If you enjoy following the world of technology startups as I do, you may have heard of a little outfit called Y Combinator (read this article from Inc. magazine for some additional insight into the company). Y Combinator is what is known as a startup incubator, which, according to Wikipedia, is “a program designed to accelerate the successful development of entrepreneurial companies through an array of business support resources and services, developed and orchestrated by incubator management and offered both in the incubator and through its network of contacts.” Y Combinator has produced a string of hit companies (all seeded by ridiculously small investments) such as Dropbox, Scridb, Reddit, Wufoo and Xobni among others.
I think that Adventist Colleges could benefit tremendously by having associated startup incubators that operate on a model similar to that of Y Combinator. How? If a college had a new revenue stream (other than getting money from students, both current and former) this would open up all kinds of potential benefits: lower tuition for students, decreased staff layoffs, campus enhancements, etc. Now, I’m no expert in how to run a college or university, so remember to take my ideas with a grain of salt, but I do believe the old saying, “where there’s a will there’s a way,” generally rings true.
What I am proposing is the creation of an organization, or organizations, (I think a private outfit could run leaner, quicker) that would support our colleges and universities and be operated in an autonomous fashion (separate from the colleges) by experienced business professionals.
So what got me thinking about this in the first place? Well, as anyone who knows me would say, I like to dream big ideas and think outside of the box. As I’ve been paying off my student loans month by month, I got to thinking that there has to be a better way of doing things. I think it’s unfortunate that our colleges have to charge students at all. It leads down a dark path–when will the cost of getting an education not be worth the debt? You see, if the goal of Adventist education is to make it available to anyone who wants it, the real issue should not be, in my opinion, getting enough students to support each school. The real issue is getting enough money to run a school so that it can be available to any academically-serious student who wishes to enroll. The difference in this kind of thinking is that it doesn’t assume that money only comes from students pockets (which for many students is money they never had in the first place).
Am I crazy to challenge the established line of thinking? Maybe, but I think dreaming big can only spawn more ideas, more thinking, more innovation.
Yes, I realize that schools aren’t supported solely by money from students. There are gifts from rich alumni, fundraisers and estate planning, but what if there was a source of cash that was more sustainable that our educational institutions could tap into? What if there was enough money in the pot that institutions could start offering cheaper and cheaper education? That’s what I’m driving at and I think it has some obvious and positive implications. Tell me, what serious high-school student wouldn’t work extra hard to earn a free-ride scholarship?

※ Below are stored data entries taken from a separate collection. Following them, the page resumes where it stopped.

lemma down_path_rescale:
  assumes "down_path X F g" "0 \<le> x" "x \<le> 1"
  shows "down_path X F (\<lambda>v. g (x * v))"
  using up_path_rescale[of X "\<lambda>x. - F x" g] assms by (simp add: up_path_uminus_iff)

lemma continuous_on_pathin_comp:
  assumes "pathin X g" "continuous_map X euclideanreal F"
  shows "continuous_on {0..1} (F \<circ> g)"
  using continuous_map_compose[OF assms(1)[unfolded pathin_def] assms(2)] by simp

text \<open>An up-path of height \<open>t\<^sub>2\<close> reaches height \<open>t\<^sub>1 \<le> t\<^sub>2\<close> at some intermediate time by
  the intermediate value theorem; rescaling it to that time gives an up-path of height \<open>t\<^sub>1\<close>.\<close>

lemma trunc_set_antimono:
  assumes F: "continuous_map X euclideanreal F" and t: "0 \<le> t1" "t1 \<le> t2"
  shows "trunc_set X F t2 \<subseteq> trunc_set X F t1"
proof
  fix p
  assume p: "p \<in> trunc_set X F t2"
  obtain gu where gu: "up_path X F gu" "gu 0 = p" "F (gu 1) - F p = t2"
    using p unfolding trunc_set_def by blast
  obtain gd where gd: "down_path X F gd" "gd 0 = p" "F p - F (gd 1) = t2"
    using p unfolding trunc_set_def by blast
  have "\<exists>x. 0 \<le> x \<and> x \<le> 1 \<and> (F \<circ> gu) x = F p + t1"
    by (rule IVT') (use gu t continuous_on_pathin_comp[OF _ F] in \<open>auto simp: up_path_def\<close>)
  then obtain xu where xu: "0 \<le> xu" "xu \<le> 1" "F (gu xu) = F p + t1" by auto
  have "\<exists>x. 0 \<le> x \<and> x \<le> 1 \<and> (F \<circ> gd) x = F p - t1"
    by (rule IVT2') (use gd t continuous_on_pathin_comp[OF _ F] in \<open>auto simp: down_path_def\<close>)
  then obtain xd where xd: "0 \<le> xd" "xd \<le> 1" "F (gd xd) = F p - t1" by auto
  show "p \<in> trunc_set X F t1"
    using p up_path_rescale[OF gu(1) xu(1,2)] down_path_rescale[OF gd(1) xd(1,2)]
      gu(2) gd(2) xu(3) xd(3)
    unfolding trunc_set_def by auto
qed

This all brings me back to creating an Adventist startup incubator. Imagine if there was an organization designed to harness the untapped entrepreneurial assets (ie – students) that are currently lying dormant in our colleges. We could nurture new ministries and organizations that yes, could bring in money for and add value to our colleges (not to mention the jobs that could be created for students after graduation). Here’s what it looks like as a diagram:
I wonder what kind of crazy ideas Adventist college students have up their sleeves that could be turned into great business opportunities? Maybe someone is dreaming up new medical technologies, consulting services, web businesses or architectural firms. The possibilities are literally endless. Sure, some of these businesses will fail, that’s part of business, and great real-world experience for students, but some of these businesses will undoubtedly succeed, and succeed big. Imagine if a student-run business went public and was able to generate millions of dollars that could be poured back into education.
How could this be put into practice? Let’s say students who have an idea come to a bi-weekly meeting where they can bounce their ideas off of their peers and get some advice from seasoned business leaders who can steer them in the right direction. The serious students can bootstrap their projects – or – in another scenario, the incubator program can pick the best ideas from each college to back with a $5,000 investment. That’s hardly anything – some of the churchs well-to-do business persons could easily facilitate this–no sweat. Why couldn’t small business classes offer real-world incentives for students developing business plans? I’d imagine that within 5 years of starting a program like this, there would be some real, tangible results.
Tell me what you think–is this a viable idea? Do you have some great ideas of your own? If nothing else, I hope to start the ball rolling and get people to ask, “Why do we do things the way we do? Is there a better way we could approach this?” In a worst-case scenario, our colleges could be forced to close up shop if students can’t afford to attend or don’t want to be saddled with debt. If we are faced with the option to change or die (even if it is sometime way off in the future), why not change?